John Williams (January 29, 1778 – August 10, 1837) was an American lawyer, soldier, and statesman, operating primarily out of Knoxville, Tennessee, in the first part of the 19th century. He represented Tennessee in the United States Senate from 1815 to 1823, when he lost reelection to Andrew Jackson. Williams also served as colonel of the 39th U.S. Infantry Regiment during the Creek Wars, and played a key role in Jackson's victory at the Battle of Horseshoe Bend in 1814.

Williams later distanced himself from Jackson, and aligned himself with John Quincy Adams and Henry Clay. Adams appointed him chargé d'affaires to the Federal Republic of Central America in 1825.

==Early life==
Williams was born in what is now Forsyth County, North Carolina (then part of Surry County), the third of twelve children of Joseph and Rebekah Lanier Williams. His father was of Welsh descent, and his mother was descended from French Huguenots. Two of Williams' brothers, Lewis Williams and Robert Williams, served as U.S. congressmen in the 19th century. Another brother, Thomas Lanier Williams, was a prominent Tennessee judge. Williams was also the cousin of Congressman Marmaduke Williams .

Williams studied law in Salisbury, North Carolina, in the late 1790s, and served as a captain in the 6th U.S. Infantry, from 1799 to 1800. Shortly afterward, he relocated to Knoxville, Tennessee, where he was admitted to the bar in 1803. Around 1805, he married Melinda White, daughter of Knoxville's founder, James White.

In 1807, Williams was appointed Tennessee's attorney general, and served in this capacity until the following year. In 1811, he led a mass meeting of Knox County citizens that condemned Archibald Roane for resigning from the state legislature to run for circuit court judge. In a letter published in a local newspaper, Williams blasted Roane as too selfish and too much of a drunkard to be a faithful judge.

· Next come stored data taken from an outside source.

(* Let $G\ne\{0\}$ be a locally balanced Hausdorff topological vector group over $\mathbb R$ and $d$ a metric on $G$ which is continuous as a map $G\times G\to\mathbb R$. If $G$ is not NSS, then there exists a sequence $(g_n)_{n\in\mathbb N}$ in $G$ such that $$0<\sup_{t\in\mathbb R}d(0,tg_1)<1,\qquad \sup_{t\in\mathbb R}d(0,tg_{n+1})<\tfrac14\sup_{t\in\mathbb R}d(0,tg_n)\quad(n=1,2,\dots).$$
   Context: A topological vector group over $\mathbb R$ is a topological abelian group $(G,+)$ which is also a real vector space (same addition) such that $x\mapsto tx$ is continuous for each $t\in\mathbb R$. A subset $A$ is balanced if $tA\subset A$ for all $|t|\le 1$. $G$ is locally balanced if the balanced neighborhoods of $0$ form a neighborhood base of $0$. $G$ is NSS if some neighborhood of $0$ contains no nontrivial subgroup. *)

theory Defs
  imports "HOL-Analysis.Analysis"
begin

definition nhd0 :: "'a::{topological_space,zero} set \<Rightarrow> bool" where
  "nhd0 U \<longleftrightarrow> (\<exists>V. open V \<and> 0 \<in> V \<and> V \<subseteq> U)"

definition balanced_set :: "'a::real_vector set \<Rightarrow> bool" where
  "balanced_set A \<longleftrightarrow> (\<forall>t::real. \<bar>t\<bar> \<le> 1 \<longrightarrow> (\<lambda>x. t *\<^sub>R x) ` A \<subseteq> A)"

definition locally_balanced :: "'a::{real_vector,topological_space} itself \<Rightarrow> bool" where
  "locally_balanced _ \<longleftrightarrow>
     (\<forall>U::'a set. nhd0 U \<longrightarrow> (\<exists>V. nhd0 V \<and> balanced_set V \<and> V \<subseteq> U))"

definition add_subgroup :: "'a::ab_group_add set \<Rightarrow> bool" where
  "add_subgroup H \<longleftrightarrow> 0 \<in> H \<and> (\<forall>x\<in>H. \<forall>y\<in>H. x + y \<in> H \<and> - x \<in> H)"

definition NSS :: "'a::{ab_group_add,topological_space} itself \<Rightarrow> bool" where
  "NSS _ \<longleftrightarrow> (\<exists>U::'a set. nhd0 U \<and> (\<forall>H. add_subgroup H \<and> H \<subseteq> U \<longrightarrow> H = {0}))"

definition is_metric :: "('a \<Rightarrow> 'a \<Rightarrow> real) \<Rightarrow> bool" where
  "is_metric d \<longleftrightarrow> (\<forall>x y. d x y = 0 \<longleftrightarrow> x = y) \<and> (\<forall>x y. d x y = d y x) \<and>
     (\<forall>x y z. d x z \<le> d x y + d y z)"

end

theory Submission
  imports Defs
begin

(*
  If G is not NSS, then every neighbourhood U of 0 contains a
  nontrivial subgroup; if U is moreover balanced, then the whole line R h
  through any nonzero element h of that subgroup lies in U (the integer
  multiples n h lie in U, and balancedness scales them down to every t h).
  Applying this to the open balls {x. d 0 x < e}, which are neighbourhoods of 0
  because d is continuous, gives for every e > 0 a nonzero h whose line radius
  sup_t d(0, t h) lies in (0, e].  A sequence whose radii decrease faster than
  by the factor 1/4 is then chosen recursively, always with target radius one
  eighth of the previous one.
*)

lemma is_metric_self_zero:
  assumes "is_metric d" shows "d x x = 0"
  using assms unfolding is_metric_def by simp

lemma is_metric_pos:
  assumes "is_metric d" and "x \<noteq> y" shows "0 < d x y"
proof -
  have "d x x \<le> d x y + d y x" and "d y x = d x y" and "d x x = 0" and "d x y \<noteq> 0"
    using assms unfolding is_metric_def by blast+
  then show ?thesis by linarith
qed

lemma nhd0_metric_ball:
  fixes d :: "'a::{topological_space,zero} \<Rightarrow> 'a \<Rightarrow> real"
  assumes metric: "is_metric d"
    and d_cont: "continuous_on UNIV (\<lambda>p::'a \<times> 'a. d (fst p) (snd p))"
    and e: "0 < e"
  shows "nhd0 {x. d 0 x < e}"
proof -
  have "continuous_on UNIV (\<lambda>x::'a. d 0 x)"
    using continuous_on_compose2[OF d_cont continuous_on_Pair[OF continuous_on_const continuous_on_id]]
    by simp
  then have "open {x. d 0 x < e}"
    by (simp add: open_Collect_less continuous_on_const)
  moreover have "0 \<in> {x. d 0 x < e}"
    using is_metric_self_zero[OF metric] e by simp
  ultimately show ?thesis
    unfolding nhd0_def by blast
qed

lemma add_subgroup_of_nat_scaleR:
  fixes H :: "'a::real_vector set"
  assumes H: "add_subgroup H" and h: "h \<in> H"
  shows "real n *\<^sub>R h \<in> H"
proof (induction n)
  case 0
  then show ?case using H unfolding add_subgroup_def by simp
next
  case (Suc n)
  have "real (Suc n) *\<^sub>R h = real n *\<^sub>R h + h"
    by (simp add: scaleR_left_distrib)
  then show ?case using Suc H h unfolding add_subgroup_def by simp
qed

text \<open>A balanced set containing an additive subgroup contains the whole real
  line through each element of that subgroup: t h is a contraction of some
  natural multiple of h.\<close>
lemma balanced_subgroup_line:
  fixes V :: "'a::real_vector set"
  assumes V: "balanced_set V" and H: "add_subgroup H" "H \<subseteq> V" and h: "h \<in> H"
  shows "t *\<^sub>R h \<in> V"
proof -
  obtain n :: nat where n: "\<bar>t\<bar> + 1 \<le> real n"
    using real_arch_simple by blast
  then have n_pos: "0 < real n" by linarith
  have "\<bar>t / real n\<bar> \<le> 1"
    using n n_pos by (simp add: abs_divide)
  moreover have "real n *\<^sub>R h \<in> V"
    using add_subgroup_of_nat_scaleR[OF H(1) h] H(2) by blast
  ultimately have "(t / real n) *\<^sub>R (real n *\<^sub>R h) \<in> V"
    using V unfolding balanced_set_def by blast
  then show ?thesis using n_pos by simp
qed

lemma small_line_exists:
  assumes lb: "locally_balanced TYPE('a::{real_vector,topological_space})"
    and notNSS: "\<not> NSS TYPE('a)"
    and U: "nhd0 (U :: 'a set)"
  shows "\<exists>h. h \<noteq> 0 \<and> (\<forall>t::real. t *\<^sub>R h \<in> U)"
proof -
  obtain V :: "'a set" where V: "nhd0 V" "balanced_set V" "V \<subseteq> U"
    using lb U unfolding locally_balanced_def by blast
  then obtain H where H: "add_subgroup H" "H \<subseteq> V" "H \<noteq> {0}"
    using notNSS unfolding NSS_def by blast
  moreover have "0 \<in> H"
    using H(1) unfolding add_subgroup_def by simp
  ultimately obtain h where "h \<in> H" "h \<noteq> 0" by blast
  then show ?thesis
    using balanced_subgroup_line[OF V(2) H(1,2)] V(3) by blast
qed

definition line_radius :: "('a::real_vector \<Rightarrow> 'a \<Rightarrow> real) \<Rightarrow> 'a \<Rightarrow> real" where
  "line_radius d h = (SUP t::real. d 0 (t *\<^sub>R h))"

lemma line_radius_bounds:
  fixes d :: "'a::real_vector \<Rightarrow> 'a \<Rightarrow> real"
  assumes metric: "is_metric d" and h: "h \<noteq> 0" and small: "\<And>t. d 0 (t *\<^sub>R h) < e"
  shows "bdd_above (range (\<lambda>t::real. d 0 (t *\<^sub>R h)))"
    and "0 < line_radius d h" and "line_radius d h \<le> e"
proof -
  show bdd: "bdd_above (range (\<lambda>t::real. d 0 (t *\<^sub>R h)))"
    using small by (intro bdd_aboveI[of _ e]) (auto intro: less_imp_le)
  have "d 0 (1 *\<^sub>R h) \<le> line_radius d h"
    unfolding line_radius_def by (rule cSUP_upper[OF _ bdd]) simp
  moreover have "0 < d 0 h"
    using is_metric_pos[OF metric] h by metis
  ultimately show "0 < line_radius d h" by simp
  show "line_radius d h \<le> e"
    unfolding line_radius_def using small by (intro cSUP_least) (auto intro: less_imp_le)
qed

lemma fast_decreasing_sequence:
  fixes S :: "'b \<Rightarrow> real"
  assumes small: "\<And>e. 0 < e \<Longrightarrow> \<exists>h. Q h \<and> 0 < S h \<and> S h \<le> e"
  shows "\<exists>g :: nat \<Rightarrow> 'b. (\<forall>n. Q (g n)) \<and> 0 < S (g 0) \<and> S (g 0) < 1 \<and>
           (\<forall>n. S (g (Suc n)) < (1/4) * S (g n))"
proof -
  define P where "P = (\<lambda>(n::nat) h. Q h \<and> 0 < S h \<and> S h < 1)"
  have start: "\<exists>h. P 0 h"
    using small[of "1/2"] unfolding P_def by force
  have step: "\<exists>h'. P (Suc n) h' \<and> S h' < (1/4) * S h" if "P n h" for n h
  proof -
    from that have "0 < S h / 8" "S h < 1" unfolding P_def by auto
    then obtain h' where "Q h'" "0 < S h'" "S h' \<le> S h / 8"
      using small by blast
    then show ?thesis unfolding P_def using \<open>S h < 1\<close> by (intro exI[of _ h']) auto
  qed
  obtain g where "\<forall>n. P n (g n) \<and> S (g (Suc n)) < (1/4) * S (g n)"
    using dependent_nat_choice[of P "\<lambda>_ h h'. S h' < (1/4) * S h", OF start step] by blast
  then show ?thesis unfolding P_def by blast
qed

theorem lemma7p6:
  fixes d :: "'a::{real_vector, topological_ab_group_add, t2_space} \<Rightarrow> 'a \<Rightarrow> real"
  assumes scal_cont: "\<And>t::real. continuous_on UNIV (\<lambda>x::'a. t *\<^sub>R x)"
    and nontriv: "\<exists>x::'a. x \<noteq> 0"
    and lb: "locally_balanced TYPE('a)"
    and metric: "is_metric d"
    and d_cont: "continuous_on UNIV (\<lambda>p::'a \<times> 'a. d (fst p) (snd p))"
    and notNSS: "\<not> NSS TYPE('a)"
  shows "\<exists>g :: nat \<Rightarrow> 'a.
           (\<forall>n. bdd_above (range (\<lambda>t::real. d 0 (t *\<^sub>R g n)))) \<and>
           0 < (SUP t::real. d 0 (t *\<^sub>R g 0)) \<and> (SUP t::real. d 0 (t *\<^sub>R g 0)) < 1 \<and>
           (\<forall>n. (SUP t::real. d 0 (t *\<^sub>R g (Suc n))) < (1/4) * (SUP t::real. d 0 (t *\<^sub>R g n)))"
proof -
  have "\<exists>h. bdd_above (range (\<lambda>t::real. d 0 (t *\<^sub>R h))) \<and>
            0 < line_radius d h \<and> line_radius d h \<le> e" if e: "0 < e" for e
  proof -
    obtain h where "h \<noteq> 0" and "\<forall>t::real. t *\<^sub>R h \<in> {x. d 0 x < e}"
      using small_line_exists[OF lb notNSS nhd0_metric_ball[OF metric d_cont e]] by blast
    then show ?thesis
      using line_radius_bounds[OF metric, of h e] by auto
  qed
  from fast_decreasing_sequence[OF this]
  show ?thesis unfolding line_radius_def by blast
qed

end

==Military activities (1812–1815)==

===Raiding Seminole Villages===
In December 1812, John Williams assembled 240 Tennessee mounted volunteers with 220 Georgia troops led by Rifleman Colonel Thomas Adams Smith to conduct a raid on the Seminoles who were reported to be allegedly planning attacks on Americans as allies of the British and Spanish. The combined American militia force marched on Payne's Town on February 8, 1813. The Americans engaged the Seminole warriors for several hours before driving them off. The Americans set their base of operations. The Americans conducted raids on nearby villages destroying homes and crops. The Americans killed 20 Seminole warriors, burned 386 houses, destroyed 2,000 bushels of corn, and destroyed 2,000 deerskins. The Americans took 300 horses, 400 head of cattle, and 9 Seminoles/Africans as prisoners. John Williams and Thomas Adams Smith with their combined raiding force then withdrew back to friendly lines on February 24, 1813."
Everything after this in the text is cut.